#### What is expected
When a line in the entries below contains the word "real", copy that line.

#### Supplied information
lemma boundary_char_matrix_mult_bulk_kernel:
  fixes c :: "'q::finite \<Rightarrow> int" and \<kappa> :: complex
  assumes c: "inj c" "\<forall>i. c i \<le> 1" "c p = 1" and w: "\<forall>i. - c i \<le> int w" and "\<kappa> \<noteq> 0"
    and ker: "(mat z - Ehat M c K \<kappa>) *v \<phi> = 0"
  shows "boundary_char_matrix M c b p K w z \<kappa> *v \<phi> = KLprod M K b p w \<kappa> \<phi> *s (cmat M *v axis p 1)"
proof -
  define \<psi> where "\<psi> = (cmat (matrix_inv M) ** cmat K) *v \<phi>"
  have bulk: "mat z *v \<phi> = cmat M *v (transport_diag c \<kappa> *v \<psi>)"
    using ker by (simp add: matrix_vector_mult_diff_rdistrib Ehat_eq_transport_diag \<psi>_def
        matrix_vector_mul_assoc matrix_mul_assoc)
  have boundary: "Bmat M c b p K l *v \<phi> = cmat M *v (boundary_stencil c b p l *v \<psi>)" for l
    by (simp add: Bmat_eq_boundary_stencil \<psi>_def matrix_vector_mul_assoc matrix_mul_assoc)
  have "boundary_char_matrix M c b p K w z \<kappa> *v \<phi>
      = cmat M *v (transport_diag c \<kappa> *v \<psi> - (\<Sum>l\<le>w. \<kappa> ^ l *s (boundary_stencil c b p l *v \<psi>)))"
    by (simp add: boundary_char_matrix_def matrix_vector_mult_diff_rdistrib
        matrix_vector_mult_sum_left mat_matrix_mult_vector bulk boundary vec.diff vec.sum vec.scale)
  also have "\<dots> = KLprod M K b p w \<kappa> \<phi> *s (cmat M *v axis p 1)"
    unfolding transport_minus_boundary_stencils[OF c w \<open>\<kappa> \<noteq> 0\<close>]
      KLprod_def Let_def \<psi>_def[symmetric] by (rule vec.scale)
  finally show ?thesis .
qed

lemma boundary_char_matrix_nth:
  "boundary_char_matrix M c b p K w z \<kappa> $ i $ j
     = (if i = j then z else 0) - (\<Sum>l\<le>w. \<kappa> ^ l * Bmat M c b p K l $ i $ j)"
  by (simp only: boundary_char_matrix_def vector_minus_component sum_component mat_matrix_mult_nth)
    (simp add: mat_def)

lemma boundary_det_eq_0_if_KLprod_tendsto_0:
  fixes c :: "'q::finite \<Rightarrow> int" and F :: "complex filter"
  assumes c: "inj c" "\<forall>i. c i \<le> 1" "c p = 1" and w: "\<forall>i. - c i \<le> int w"
    and "F \<noteq> bot" and z_lim: "((\<lambda>z. z) \<longlongrightarrow> z0) F" and \<kappa>_lim: "(\<kappa>s \<longlongrightarrow> \<kappa>0) F"
    and kernel: "\<forall>\<^sub>F z in F. \<kappa>s z \<noteq> 0 \<and> (mat z - Ehat M c K (\<kappa>s z)) *v \<phi>s z = 0 \<and> \<phi>s z $ k = 1"
    and KL_lim: "((\<lambda>z. KLprod M K b p w (\<kappa>s z) (\<phi>s z)) \<longlongrightarrow> 0) F"
  shows "det (boundary_char_matrix M c b p K w z0 \<kappa>0) = 0"
proof (rule det_eq_0_if_approximate_kernel_vectors[OF \<open>F \<noteq> bot\<close>])
  let ?N = "\<lambda>z. boundary_char_matrix M c b p K w z (\<kappa>s z)"
  show "((\<lambda>z. ?N z $ i $ j) \<longlongrightarrow> boundary_char_matrix M c b p K w z0 \<kappa>0 $ i $ j) F" for i j
    unfolding boundary_char_matrix_nth
    by (cases "i = j") (simp_all add: z_lim \<kappa>_lim tendsto_intros)
  show "((\<lambda>z. (?N z *v \<phi>s z) $ i) \<longlongrightarrow> 0) F" for i
  proof (rule Lim_transform_eventually)
    show "((\<lambda>z. KLprod M K b p w (\<kappa>s z) (\<phi>s z) * (cmat M *v axis p 1) $ i) \<longlongrightarrow> 0) F"
      using KL_lim by (rule tendsto_mult_left_zero)
    show "\<forall>\<^sub>F z in F. KLprod M K b p w (\<kappa>s z) (\<phi>s z) * (cmat M *v axis p 1) $ i
        = (?N z *v \<phi>s z) $ i"
      using kernel by eventually_elim (simp add: boundary_char_matrix_mult_bulk_kernel[OF c w])
  qed
  show "\<forall>\<^sub>F z in F. \<phi>s z $ k = 1"
    using kernel by eventually_elim simp
qed

theorem mainTheorem5:
  fixes c :: "'q::finite \<Rightarrow> int" and i1 p :: 'q
    and M :: "real^'q^'q" and s eps :: "'q \<Rightarrow> real"
    and b :: "'q \<Rightarrow> nat \<Rightarrow> real" and w :: nat
    and dm1 :: "complex poly" and d :: "nat \<Rightarrow> complex poly" and pbar :: nat
    and \<kappa>s :: "complex \<Rightarrow> complex" and \<phi>s :: "complex \<Rightarrow> complex^'q"
    and z0 \<kappa>0 :: complex
  defines "K \<equiv> Kmat i1 s eps"
  assumes q2: "CARD('q) \<ge> 2"
    and c_inj: "inj c" and c_max: "\<forall>i. c i \<le> 1" and c_p: "c p = 1"
    and M_inv: "invertible M"
    and s_rng: "\<forall>i. i \<noteq> i1 \<longrightarrow> 0 < s i \<and> s i \<le> 2"
    and eps1: "eps i1 = 1"
    and w_ge: "\<forall>i. - c i \<le> int w"
    and vN: "\<forall>\<theta>::real. \<forall>z. det (mat z - Ehat M c K (cis \<theta>)) = 0 \<longrightarrow> cmod z \<le> 1"
    and char_expand: "\<forall>z \<kappa>. \<kappa> \<noteq> 0 \<longrightarrow>
        det (mat z - Ehat M c K \<kappa>) = poly dm1 z / \<kappa> + (\<Sum>l\<le>pbar. poly (d l) z * \<kappa> ^ l)"
    and dm1_nz: "dm1 \<noteq> 0"
    and \<kappa>s_stable: "\<forall>z. cmod z > 1 \<longrightarrow> \<kappa>s z \<noteq> 0 \<and> cmod (\<kappa>s z) < 1
        \<and> det (mat z - Ehat M c K (\<kappa>s z)) = 0"
    and \<kappa>s_unique: "\<forall>z \<kappa>. cmod z > 1 \<and> \<kappa> \<noteq> 0 \<and> cmod \<kappa> < 1
        \<and> det (mat z - Ehat M c K \<kappa>) = 0 \<longrightarrow> \<kappa> = \<kappa>s z"
    and \<phi>s_ker: "\<forall>z. cmod z > 1 \<longrightarrow> (\<forall>v. (mat z - Ehat M c K (\<kappa>s z)) *v v = 0
        \<longleftrightarrow> (\<exists>a. v = a *s \<phi>s z))"
    and \<phi>s_norm: "\<forall>z. cmod z > 1 \<longrightarrow> \<phi>s z $ i1 = 1"
    and z0_cl: "cmod z0 \<ge> 1"
    and \<kappa>s_ext: "(\<kappa>s \<longlongrightarrow> \<kappa>0) (at z0 within {z. cmod z > 1})"
    and \<kappa>s_val: "cmod z0 > 1 \<longrightarrow> \<kappa>0 = \<kappa>s z0"
    and KL_lim: "((\<lambda>z. KLprod M K b p w (\<kappa>s z) (\<phi>s z)) \<longlongrightarrow> 0)
        (at z0 within {z. cmod z > 1})"
  shows "det (mat z0 - (\<Sum>l\<le>w. mat (\<kappa>0 ^ l) ** Bmat M c b p K l)) = 0
     \<and> poly dm1 z0 + (\<Sum>l\<le>pbar. poly (d l) z0 * \<kappa>0 ^ (l + 1)) = 0"
proof -
  let ?F = "at z0 within {z. 1 < cmod z}"
  have "?F \<noteq> bot"
    using z0_cl by (rule at_within_exterior_disc_nontrivial)
  have z_lim: "((\<lambda>z. z) \<longlongrightarrow> z0) ?F"
    by (rule tendsto_ident_at)
  have in_U: "\<forall>\<^sub>F z in ?F. 1 < cmod z"
    by (simp add: eventually_at_filter)
  have "\<forall>\<^sub>F z in ?F. \<kappa>s z \<noteq> 0 \<and> (mat z - Ehat M c K (\<kappa>s z)) *v \<phi>s z = 0 \<and> \<phi>s z $ i1 = 1"
    using in_U
  proof eventually_elim
    case (elim z)
    then have "(mat z - Ehat M c K (\<kappa>s z)) *v \<phi>s z = 0"
      using \<phi>s_ker by (metis vector_smult_lid)
    with elim show ?case
      using \<kappa>s_stable \<phi>s_norm by blast
  qed
  then have "det (boundary_char_matrix M c b p K w z0 \<kappa>0) = 0"
    using boundary_det_eq_0_if_KLprod_tendsto_0[OF c_inj c_max c_p w_ge \<open>?F \<noteq> bot\<close> z_lim \<kappa>s_ext]
      KL_lim by blast
  moreover have "\<forall>\<^sub>F z in ?F. \<kappa>s z \<noteq> 0
      \<and> poly dm1 z / \<kappa>s z + (\<Sum>l\<le>pbar. poly (d l) z * \<kappa>s z ^ l) = 0"
    using in_U
  proof eventually_elim
    case (elim z)
    then have "\<kappa>s z \<noteq> 0" and "det (mat z - Ehat M c K (\<kappa>s z)) = 0"
      using \<kappa>s_stable by auto
    then show ?case
      using char_expand by metis
  qed
  then have "poly dm1 z0 + (\<Sum>l\<le>pbar. poly (d l) z0 * \<kappa>0 ^ (l + 1)) = 0"
    by (rule laurent_poly_eq_0_at_limit[OF \<open>?F \<noteq> bot\<close> z_lim \<kappa>s_ext])
  ultimately show ?thesis
    unfolding boundary_char_matrix_def ..
qed

end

#### Solution for this exercise
    and M :: "real^'q^'q" and s eps :: "'q \<Rightarrow> real"
    and b :: "'q \<Rightarrow> nat \<Rightarrow> real" and w :: nat
    and vN: "\<forall>\<theta>::real. \<forall>z. det (mat z - Ehat M c K (cis \<theta>)) = 0 \<longrightarrow> cmod z \<le> 1"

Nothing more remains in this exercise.